[Source information]
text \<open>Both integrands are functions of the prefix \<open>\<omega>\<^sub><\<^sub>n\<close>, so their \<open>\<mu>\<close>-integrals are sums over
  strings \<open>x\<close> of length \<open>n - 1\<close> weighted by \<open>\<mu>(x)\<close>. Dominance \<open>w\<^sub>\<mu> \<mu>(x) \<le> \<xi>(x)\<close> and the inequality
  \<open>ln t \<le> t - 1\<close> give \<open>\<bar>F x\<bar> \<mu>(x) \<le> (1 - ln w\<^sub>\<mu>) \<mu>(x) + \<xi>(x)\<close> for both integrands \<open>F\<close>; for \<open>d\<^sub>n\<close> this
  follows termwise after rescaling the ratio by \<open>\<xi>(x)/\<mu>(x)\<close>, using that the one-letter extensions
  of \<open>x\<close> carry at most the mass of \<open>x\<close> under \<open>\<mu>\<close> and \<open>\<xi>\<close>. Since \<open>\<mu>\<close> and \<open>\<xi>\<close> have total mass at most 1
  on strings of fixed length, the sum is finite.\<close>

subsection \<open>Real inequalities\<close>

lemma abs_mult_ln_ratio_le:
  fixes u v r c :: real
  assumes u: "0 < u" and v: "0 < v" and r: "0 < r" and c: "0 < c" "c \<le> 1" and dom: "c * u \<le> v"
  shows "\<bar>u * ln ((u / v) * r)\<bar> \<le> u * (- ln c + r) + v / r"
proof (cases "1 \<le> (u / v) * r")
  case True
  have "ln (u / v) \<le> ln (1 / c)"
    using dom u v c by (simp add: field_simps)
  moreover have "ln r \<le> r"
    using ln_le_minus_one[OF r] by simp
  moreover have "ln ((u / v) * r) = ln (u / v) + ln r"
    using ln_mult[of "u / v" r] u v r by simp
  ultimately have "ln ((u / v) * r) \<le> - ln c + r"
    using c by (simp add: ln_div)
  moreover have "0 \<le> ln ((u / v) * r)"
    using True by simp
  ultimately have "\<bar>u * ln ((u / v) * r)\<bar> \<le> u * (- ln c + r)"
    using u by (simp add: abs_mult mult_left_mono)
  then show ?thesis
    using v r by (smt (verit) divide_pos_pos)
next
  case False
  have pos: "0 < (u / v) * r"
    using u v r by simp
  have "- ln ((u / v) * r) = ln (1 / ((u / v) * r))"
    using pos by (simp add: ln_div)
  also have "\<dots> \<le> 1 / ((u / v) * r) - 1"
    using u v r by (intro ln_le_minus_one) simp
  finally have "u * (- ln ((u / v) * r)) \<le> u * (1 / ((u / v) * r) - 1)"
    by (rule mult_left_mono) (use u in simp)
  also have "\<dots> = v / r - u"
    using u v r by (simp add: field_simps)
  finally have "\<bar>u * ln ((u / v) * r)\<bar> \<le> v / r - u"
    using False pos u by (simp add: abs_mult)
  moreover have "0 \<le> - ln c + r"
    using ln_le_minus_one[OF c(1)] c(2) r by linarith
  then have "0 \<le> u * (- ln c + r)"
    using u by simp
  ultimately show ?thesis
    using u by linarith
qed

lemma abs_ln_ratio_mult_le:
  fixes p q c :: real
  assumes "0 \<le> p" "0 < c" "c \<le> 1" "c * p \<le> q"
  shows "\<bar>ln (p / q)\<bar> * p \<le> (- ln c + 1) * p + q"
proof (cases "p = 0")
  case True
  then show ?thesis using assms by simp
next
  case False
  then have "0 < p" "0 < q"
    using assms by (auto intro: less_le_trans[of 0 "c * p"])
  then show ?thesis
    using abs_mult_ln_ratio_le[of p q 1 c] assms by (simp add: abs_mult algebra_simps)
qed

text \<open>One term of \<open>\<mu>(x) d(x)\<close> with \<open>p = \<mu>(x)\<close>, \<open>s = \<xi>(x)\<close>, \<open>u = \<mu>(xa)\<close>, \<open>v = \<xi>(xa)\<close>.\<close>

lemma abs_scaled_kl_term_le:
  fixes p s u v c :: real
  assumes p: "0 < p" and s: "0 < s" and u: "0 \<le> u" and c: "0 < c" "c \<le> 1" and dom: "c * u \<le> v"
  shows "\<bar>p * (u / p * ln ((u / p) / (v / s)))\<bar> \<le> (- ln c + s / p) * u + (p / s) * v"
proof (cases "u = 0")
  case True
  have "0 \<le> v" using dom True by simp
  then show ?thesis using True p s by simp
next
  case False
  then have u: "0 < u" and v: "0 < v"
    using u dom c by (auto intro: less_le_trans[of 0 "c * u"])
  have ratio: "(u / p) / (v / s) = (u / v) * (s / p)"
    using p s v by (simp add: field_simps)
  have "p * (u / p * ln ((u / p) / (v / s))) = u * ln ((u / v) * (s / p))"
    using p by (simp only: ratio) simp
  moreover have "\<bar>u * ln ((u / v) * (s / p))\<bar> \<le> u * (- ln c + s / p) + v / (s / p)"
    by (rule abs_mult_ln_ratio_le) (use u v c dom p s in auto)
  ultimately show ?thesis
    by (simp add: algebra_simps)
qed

---

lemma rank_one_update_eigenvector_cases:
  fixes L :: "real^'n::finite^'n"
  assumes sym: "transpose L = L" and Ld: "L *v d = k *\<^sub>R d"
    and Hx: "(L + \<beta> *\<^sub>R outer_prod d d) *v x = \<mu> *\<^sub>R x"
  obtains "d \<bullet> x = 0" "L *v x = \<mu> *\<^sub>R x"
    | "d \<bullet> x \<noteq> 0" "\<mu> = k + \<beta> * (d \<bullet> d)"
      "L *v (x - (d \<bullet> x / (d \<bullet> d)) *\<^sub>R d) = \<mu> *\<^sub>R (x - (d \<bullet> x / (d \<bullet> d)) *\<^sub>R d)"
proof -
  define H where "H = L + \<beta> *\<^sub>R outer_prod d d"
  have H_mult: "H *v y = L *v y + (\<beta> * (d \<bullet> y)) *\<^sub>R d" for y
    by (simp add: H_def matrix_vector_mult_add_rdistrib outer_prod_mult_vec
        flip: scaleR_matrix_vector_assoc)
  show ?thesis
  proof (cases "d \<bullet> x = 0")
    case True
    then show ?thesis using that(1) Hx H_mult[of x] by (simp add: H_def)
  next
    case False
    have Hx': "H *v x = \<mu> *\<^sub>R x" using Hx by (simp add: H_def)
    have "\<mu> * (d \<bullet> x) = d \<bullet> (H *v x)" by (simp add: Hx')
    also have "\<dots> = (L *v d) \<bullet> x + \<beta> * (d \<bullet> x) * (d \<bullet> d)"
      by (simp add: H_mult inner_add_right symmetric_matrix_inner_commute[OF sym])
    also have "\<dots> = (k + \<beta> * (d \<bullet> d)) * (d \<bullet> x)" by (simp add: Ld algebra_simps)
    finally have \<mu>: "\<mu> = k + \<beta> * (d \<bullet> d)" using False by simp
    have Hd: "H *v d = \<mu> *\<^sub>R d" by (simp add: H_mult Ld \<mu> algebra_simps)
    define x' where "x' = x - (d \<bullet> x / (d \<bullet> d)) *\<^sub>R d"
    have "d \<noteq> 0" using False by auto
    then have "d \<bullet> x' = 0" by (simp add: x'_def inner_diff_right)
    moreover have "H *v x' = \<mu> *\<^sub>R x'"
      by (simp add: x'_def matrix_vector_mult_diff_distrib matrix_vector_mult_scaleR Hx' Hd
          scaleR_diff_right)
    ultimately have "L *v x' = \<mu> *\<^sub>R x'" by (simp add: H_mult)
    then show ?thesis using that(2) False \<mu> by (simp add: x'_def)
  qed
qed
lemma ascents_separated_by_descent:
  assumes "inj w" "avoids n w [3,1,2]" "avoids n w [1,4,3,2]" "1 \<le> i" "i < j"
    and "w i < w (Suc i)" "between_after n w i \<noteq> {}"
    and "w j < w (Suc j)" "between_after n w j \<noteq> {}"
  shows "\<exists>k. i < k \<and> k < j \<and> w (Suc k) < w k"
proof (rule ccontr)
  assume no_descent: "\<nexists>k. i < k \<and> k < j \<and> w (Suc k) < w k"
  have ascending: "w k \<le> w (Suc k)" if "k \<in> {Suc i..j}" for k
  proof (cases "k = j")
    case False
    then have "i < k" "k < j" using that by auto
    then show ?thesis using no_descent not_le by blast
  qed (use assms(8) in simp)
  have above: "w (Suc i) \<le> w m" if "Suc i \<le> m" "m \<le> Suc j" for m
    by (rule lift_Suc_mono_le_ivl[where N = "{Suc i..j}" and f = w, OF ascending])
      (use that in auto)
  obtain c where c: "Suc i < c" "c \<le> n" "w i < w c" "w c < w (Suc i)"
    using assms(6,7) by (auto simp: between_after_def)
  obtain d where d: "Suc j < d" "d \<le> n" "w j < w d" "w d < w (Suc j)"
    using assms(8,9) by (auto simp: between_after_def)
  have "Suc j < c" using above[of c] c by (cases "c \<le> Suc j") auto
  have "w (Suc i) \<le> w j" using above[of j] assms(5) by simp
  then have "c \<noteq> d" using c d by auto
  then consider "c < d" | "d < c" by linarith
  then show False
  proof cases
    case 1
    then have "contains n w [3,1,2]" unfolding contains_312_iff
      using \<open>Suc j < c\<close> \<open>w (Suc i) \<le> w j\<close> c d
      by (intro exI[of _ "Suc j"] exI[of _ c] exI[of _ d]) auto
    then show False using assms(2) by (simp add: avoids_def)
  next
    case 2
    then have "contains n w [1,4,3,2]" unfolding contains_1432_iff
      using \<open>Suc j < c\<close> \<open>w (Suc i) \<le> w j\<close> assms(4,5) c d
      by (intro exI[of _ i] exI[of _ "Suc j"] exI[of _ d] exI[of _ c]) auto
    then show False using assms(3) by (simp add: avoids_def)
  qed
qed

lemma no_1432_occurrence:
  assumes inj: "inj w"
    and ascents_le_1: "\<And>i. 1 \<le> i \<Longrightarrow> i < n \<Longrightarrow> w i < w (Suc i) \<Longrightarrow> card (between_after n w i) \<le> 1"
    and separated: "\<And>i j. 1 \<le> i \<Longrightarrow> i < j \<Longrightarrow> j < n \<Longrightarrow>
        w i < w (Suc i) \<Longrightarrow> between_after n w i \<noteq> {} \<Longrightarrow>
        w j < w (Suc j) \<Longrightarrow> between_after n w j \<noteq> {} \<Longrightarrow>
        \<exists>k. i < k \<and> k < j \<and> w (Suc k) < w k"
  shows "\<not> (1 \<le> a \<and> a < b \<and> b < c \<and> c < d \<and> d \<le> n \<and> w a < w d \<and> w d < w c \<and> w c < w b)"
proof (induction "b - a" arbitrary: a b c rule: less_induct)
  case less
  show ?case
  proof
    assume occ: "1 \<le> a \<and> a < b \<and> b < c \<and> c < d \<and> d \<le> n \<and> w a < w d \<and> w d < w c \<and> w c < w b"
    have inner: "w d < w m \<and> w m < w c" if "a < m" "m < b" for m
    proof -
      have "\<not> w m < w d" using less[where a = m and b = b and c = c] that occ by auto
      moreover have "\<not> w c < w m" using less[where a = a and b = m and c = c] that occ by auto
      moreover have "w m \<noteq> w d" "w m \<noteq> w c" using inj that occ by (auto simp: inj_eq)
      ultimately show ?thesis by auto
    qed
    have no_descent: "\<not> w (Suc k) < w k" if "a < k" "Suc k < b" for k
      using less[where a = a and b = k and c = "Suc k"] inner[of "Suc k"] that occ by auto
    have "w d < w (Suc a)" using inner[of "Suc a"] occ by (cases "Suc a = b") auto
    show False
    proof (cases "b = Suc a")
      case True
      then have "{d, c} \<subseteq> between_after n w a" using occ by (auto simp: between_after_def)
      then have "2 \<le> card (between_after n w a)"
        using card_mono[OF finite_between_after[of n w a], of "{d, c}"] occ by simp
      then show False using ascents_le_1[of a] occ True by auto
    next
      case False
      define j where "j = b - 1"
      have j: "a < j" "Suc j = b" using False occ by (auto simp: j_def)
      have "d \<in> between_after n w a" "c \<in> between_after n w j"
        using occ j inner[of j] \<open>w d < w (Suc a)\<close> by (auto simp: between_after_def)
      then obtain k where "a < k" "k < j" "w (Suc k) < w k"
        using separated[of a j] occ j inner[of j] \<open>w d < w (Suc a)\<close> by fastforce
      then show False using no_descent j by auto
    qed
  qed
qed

[Required work] Tally up the lines in the preceding listing that contain the string "unfolding". Respond with the number and nothing else.

[Answer below] 2